» HOW TO COMPLETE THIS TASK
Below are records; copy every line among them that contains the word "simp".

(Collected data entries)
-=-=-

lemma gifs_invariant_closure:
  fixes \<Phi> :: "nat \<Rightarrow> (nat \<Rightarrow> 'a::metric_space) \<Rightarrow> 'a"
  assumes m: "m \<ge> 1" and J: "finite J" and cont: "\<forall>j\<in>J. continuous_dmax m (\<Phi> j)"
    and K: "compact (closure S)" and S: "S = (\<Union>j\<in>J. \<Phi> j ` tuples m S)"
  shows "closure S = (\<Union>j\<in>J. \<Phi> j ` tuples m (closure S))"
proof
  have "closed (\<Union>j\<in>J. \<Phi> j ` tuples m (closure S))"
    using compact_image_tuples[OF m _ K] cont J by (intro closed_UN compact_imp_closed) auto
  moreover have "S \<subseteq> (\<Union>j\<in>J. \<Phi> j ` tuples m (closure S))"
    using S tuples_mono[OF closure_subset, of m S] by blast
  ultimately show "closure S \<subseteq> (\<Union>j\<in>J. \<Phi> j ` tuples m (closure S))"
    by (rule closure_minimal[rotated])
next
  show "(\<Union>j\<in>J. \<Phi> j ` tuples m (closure S)) \<subseteq> closure S"
  proof clarify
    fix j z assume j: "j \<in> J" and z: "z \<in> tuples m (closure S)"
    have "\<forall>i<m. \<exists>x. (\<forall>k. x k \<in> S) \<and> x \<longlonglongrightarrow> z i"
      using z unfolding tuples_iff closure_sequential by blast
    then obtain x where x: "\<And>i. i < m \<Longrightarrow> (\<forall>k. x i k \<in> S) \<and> x i \<longlonglongrightarrow> z i"
      by metis
    define s where "s k = (\<lambda>i. if i < m then x i k else undefined)" for k
    have s: "s k \<in> tuples m S" for k
      unfolding s_def using x by (intro tuples_restrictI) auto
    have "\<Phi> j (s k) \<in> S" for k using S s j by blast
    moreover have "(\<lambda>k. \<Phi> j (s k)) \<longlonglongrightarrow> \<Phi> j z"
      by (rule continuous_dmax_tendsto[OF m, of "\<Phi> j"])
        (use cont j z s x in \<open>auto simp: s_def tuples_iff\<close>)
    ultimately show "\<Phi> j z \<in> closure S"
      unfolding closure_sequential by (intro exI[of _ "\<lambda>k. \<Phi> j (s k)"]) auto
  qed
qed

subsection \<open>Uniqueness of the attractor\<close>

definition contraction_modulus ::
    "nat \<Rightarrow> ((nat \<Rightarrow> 'a::metric_space) \<Rightarrow> 'a) \<Rightarrow> (real \<Rightarrow> real) \<Rightarrow> bool" where
  "contraction_modulus m f \<psi> \<longleftrightarrow> mono_on {0..} \<psi> \<and> (\<forall>t>0. \<psi> t < t) \<and>
     (\<forall>x\<in>tuples m UNIV. \<forall>y\<in>tuples m UNIV. dist (f x) (f y) \<le> \<psi> (dmax m x y))"

lemma matkowski_contraction_imp_modulus:
  assumes "matkowski_contraction m f"
  obtains \<psi> where "contraction_modulus m f \<psi>"
proof -
  obtain \<phi> :: "real \<Rightarrow> real" where \<phi>: "mono_on {0..} \<phi>" "\<forall>t>0. (\<lambda>k. (\<phi> ^^ k) t) \<longlonglongrightarrow> 0"
    "\<forall>x\<in>tuples m UNIV. \<forall>y\<in>tuples m UNIV. dist (f x) (f y) \<le> \<phi> (dmax m x y)"
    using assms unfolding matkowski_contraction_def by blast
  have "\<phi> t < t" if t: "t > 0" for t
  proof (rule ccontr)
    assume "\<not> \<phi> t < t"
    then have "t \<le> (\<phi> ^^ k) t" for k
    proof (induction k)
      case (Suc k)
      then have "\<phi> t \<le> \<phi> ((\<phi> ^^ k) t)" using \<phi>(1) t by (auto intro: mono_onD)
      then show ?case using Suc.prems by simp
    qed simp
    then have "t \<le> 0" using LIMSEQ_le_const[OF \<phi>(2)[rule_format, OF t]] by auto
    then show False using t by simp
  qed
  then show thesis using that \<phi> unfolding contraction_modulus_def by blast
qed

lemma compact_infdist_attained:
  fixes D :: "'a::metric_space set"
  assumes "compact D" "D \<noteq> {}"
  obtains b where "b \<in> D" "dist x b = infdist x D"
proof -
  have "continuous_on D (dist x)" by (intro continuous_intros)
  then obtain b where b: "b \<in> D" "\<forall>b'\<in>D. dist x b \<le> dist x b'"
    using continuous_attains_inf[OF assms] by blast
  then have "dist x b \<le> infdist x D"
    unfolding infdist_def using assms(2) by (auto intro: cINF_greatest)
  then show thesis using that[OF b(1)] infdist_le[OF b(1), of x] by linarith
qed

lemma contraction_modulus_near_tuples:
  assumes m: "m \<ge> 1" and \<psi>: "contraction_modulus m f \<psi>" and D: "compact D" "D \<noteq> {}"
    and x: "x \<in> tuples m UNIV" and near: "\<And>i. i < m \<Longrightarrow> infdist (x i) D \<le> t"
  obtains y where "y \<in> tuples m D" "dist (f x) (f y) \<le> \<psi> t"
proof -
  have "\<exists>b\<in>D. dist (x i) b \<le> t" if "i < m" for i
    using compact_infdist_attained[OF D] near[OF that] by metis
  then obtain b where b: "\<And>i. i < m \<Longrightarrow> b i \<in> D \<and> dist (x i) (b i) \<le> t"
    by metis
  define y where "y = (\<lambda>i. if i < m then b i else undefined)"
  have y: "y \<in> tuples m D"
    unfolding y_def using b by (intro tuples_restrictI) auto
  have "dmax m x y \<le> t" using b m by (simp add: dmax_le_iff y_def)
  then have "\<psi> (dmax m x y) \<le> \<psi> t"
    using \<psi> dmax_nonneg[OF m, of x y] unfolding contraction_modulus_def by (auto intro: mono_onD)
  moreover have "dist (f x) (f y) \<le> \<psi> (dmax m x y)"
    using \<psi> x y tuples_mono[of D UNIV m] unfolding contraction_modulus_def by blast
  ultimately show thesis using that y by force
qed

lemma gifs_invariant_infdist_less:
  fixes \<Phi> :: "nat \<Rightarrow> (nat \<Rightarrow> 'a::metric_space) \<Rightarrow> 'a"
  assumes m: "m \<ge> 1" and \<Psi>: "\<forall>j\<in>J. contraction_modulus m (\<Phi> j) (\<Psi> j)"
    and A: "A = (\<Union>j\<in>J. \<Phi> j ` tuples m A)"
    and B: "compact B" "B \<noteq> {}" "B = (\<Union>j\<in>J. \<Phi> j ` tuples m B)"
    and t: "t > 0" "\<forall>a\<in>A. infdist a B \<le> t" and a: "a \<in> A"
  shows "infdist a B < t"
proof -
  obtain j x where j: "j \<in> J" and x: "x \<in> tuples m A" and ax: "a = \<Phi> j x"
    using A a by blast
  have "infdist (x i) B \<le> t" if "i < m" for i
    using t(2) x that by (simp add: tuples_iff)
  then obtain y where y: "y \<in> tuples m B" "dist a (\<Phi> j y) \<le> \<Psi> j t"
    using contraction_modulus_near_tuples[OF m _ B(1,2)] \<Psi> j x tuples_mono[of A UNIV m] ax
    by blast
  have "\<Phi> j y \<in> B" using B(3) j y(1) by blast
  then have "infdist a B \<le> \<Psi> j t" using y(2) by (rule infdist_le2)
  also have "\<Psi> j t < t" using \<Psi> j t(1) unfolding contraction_modulus_def by blast
  finally show ?thesis .
qed

lemma compact_infdist_attains_sup:
  fixes A B :: "'a::metric_space set"
  assumes "compact A" "A \<noteq> {}"
  obtains a where "a \<in> A" "\<forall>a'\<in>A. infdist a' B \<le> infdist a B"
proof -
  have "continuous_on A (\<lambda>a. infdist a B)"
    by (intro continuous_at_imp_continuous_on ballI continuous_infdist continuous_ident)
  then show thesis using continuous_attains_sup[OF assms] that by blast
qed

text \<open>Take \<open>t\<close> to be the Hausdorff distance of \<open>A\<close> and \<open>B\<close>: if it were positive, each point
  of \<open>A\<close> would lie strictly closer than \<open>t\<close> to \<open>B\<close> and vice versa, and the suprema are attained.\<close>

lemma gifs_invariant_unique:
  fixes \<Phi> :: "nat \<Rightarrow> (nat \<Rightarrow> 'a::metric_space) \<Rightarrow> 'a"
  assumes m: "m \<ge> 1" and M: "\<forall>j\<in>J. matkowski_contraction m (\<Phi> j)"
    and A: "compact A" "A \<noteq> {}" "A = (\<Union>j\<in>J. \<Phi> j ` tuples m A)"
    and B: "compact B" "B \<noteq> {}" "B = (\<Union>j\<in>J. \<Phi> j ` tuples m B)"
  shows "A = B"
proof -
  have "\<forall>j\<in>J. \<exists>\<psi>. contraction_modulus m (\<Phi> j) \<psi>"
    using M matkowski_contraction_imp_modulus by metis
  then obtain \<Psi> where \<Psi>: "\<forall>j\<in>J. contraction_modulus m (\<Phi> j) (\<Psi> j)"
    by metis
  obtain a0 where a0: "a0 \<in> A" "\<forall>a\<in>A. infdist a B \<le> infdist a0 B"
    using compact_infdist_attains_sup[OF A(1,2)] by blast
  obtain b0 where b0: "b0 \<in> B" "\<forall>b\<in>B. infdist b A \<le> infdist b0 A"
    using compact_infdist_attains_sup[OF B(1,2)] by blast
  define t where "t = max (infdist a0 B) (infdist b0 A)"
  have "t \<le> 0"
  proof (rule ccontr)
    assume "\<not> t \<le> 0"
    then have "infdist a0 B < t" "infdist b0 A < t"
      using gifs_invariant_infdist_less[OF m \<Psi> A(3) B, of t a0]
        gifs_invariant_infdist_less[OF m \<Psi> B(3) A, of t b0] a0 b0
      unfolding t_def by fastforce+
    then show False unfolding t_def by linarith
  qed
  then have "\<forall>a\<in>A. infdist a B = 0" "\<forall>b\<in>B. infdist b A = 0"
    using a0(2) b0(2) infdist_nonneg unfolding t_def by (smt (verit))+
  then show ?thesis
    using in_closed_iff_infdist_zero[OF compact_imp_closed[OF A(1)] A(2)]
      in_closed_iff_infdist_zero[OF compact_imp_closed[OF B(1)] B(2)] by blast
qed

lemma gifs_attractor_eqI:
  fixes \<Phi> :: "nat \<Rightarrow> (nat \<Rightarrow> 'a::metric_space) \<Rightarrow> 'a"
  assumes "m \<ge> 1" "\<forall>j\<in>J. matkowski_contraction m (\<Phi> j)"
    and "compact A" "A \<noteq> {}" "A = (\<Union>j\<in>J. \<Phi> j ` tuples m A)"
  shows "gifs_attractor m J \<Phi> = A"
  unfolding gifs_attractor_def
  by (rule the_equality) (use assms gifs_invariant_unique[OF assms(1,2)] in blast)+

lemma fuzzy_prod_gt_iff: "m \<ge> 1 \<Longrightarrow> a < fuzzy_prod m (\<lambda>_. u) z \<longleftrightarrow> (\<forall>i<m. a < u (z i))"
  unfolding fuzzy_prod_def using lessThan_empty_iff[of m] by (subst Min_gr_iff) auto

lemma fuzzy_prod_ge_iff: "m \<ge> 1 \<Longrightarrow> a \<le> fuzzy_prod m (\<lambda>_. u) z \<longleftrightarrow> (\<forall>i<m. a \<le> u (z i))"
  unfolding fuzzy_prod_def using lessThan_empty_iff[of m] by (subst Min_ge_iff) auto

lemma fuzzy_prod_le_1:
  assumes "m \<ge> 1" "\<forall>x. u x \<le> 1"
  shows "fuzzy_prod m (\<lambda>_. u) z \<le> 1"
proof -
  have "fuzzy_prod m (\<lambda>_. u) z \<le> u (z 0)"
    unfolding fuzzy_prod_def using assms(1) by (intro Min_le) auto
  then show ?thesis using assms(2) by (meson order_trans)
qed

lemma zadeh_ext_gt_iff:
  fixes v :: "'z \<Rightarrow> real"
  assumes "\<forall>z\<in>Z. v z \<le> 1" and "0 \<le> a"
  shows "a < zadeh_ext Z f v y \<longleftrightarrow> (\<exists>z\<in>Z. f z = y \<and> a < v z)"
proof (cases "y \<in> f ` Z")
  case True
  let ?V = "{v z | z. z \<in> Z \<and> f z = y}"
  have "?V \<noteq> {}" "bdd_above ?V" using True assms(1) by (auto intro: bdd_aboveI[of _ 1])
  then have "a < Sup ?V \<longleftrightarrow> (\<exists>x\<in>?V. a < x)" by (rule less_cSup_iff)
  then show ?thesis unfolding zadeh_ext_def using True by auto
qed (use assms(2) in \<open>auto simp: zadeh_ext_def\<close>)

lemma zadeh_ext_upper:
  fixes v :: "'z \<Rightarrow> real"
  assumes "\<forall>z\<in>Z. v z \<le> 1" and "z \<in> Z" "f z = y"
  shows "v z \<le> zadeh_ext Z f v y"
proof -
  have "bdd_above {v z | z. z \<in> Z \<and> f z = y}" using assms(1) by (auto intro: bdd_aboveI[of _ 1])
  then show ?thesis unfolding zadeh_ext_def using assms(2,3) by (auto intro: cSup_upper)
qed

-=-=-

» FINAL ANSWER
        (use cont j z s x in \<open>auto simp: s_def tuples_iff\<close>)
      then show ?case using Suc.prems by simp
    qed simp
    then show False using t by simp
  have "dmax m x y \<le> t" using b m by (simp add: dmax_le_iff y_def)
    using t(2) x that by (simp add: tuples_iff)
qed (use assms(2) in \<open>auto simp: zadeh_ext_def\<close>)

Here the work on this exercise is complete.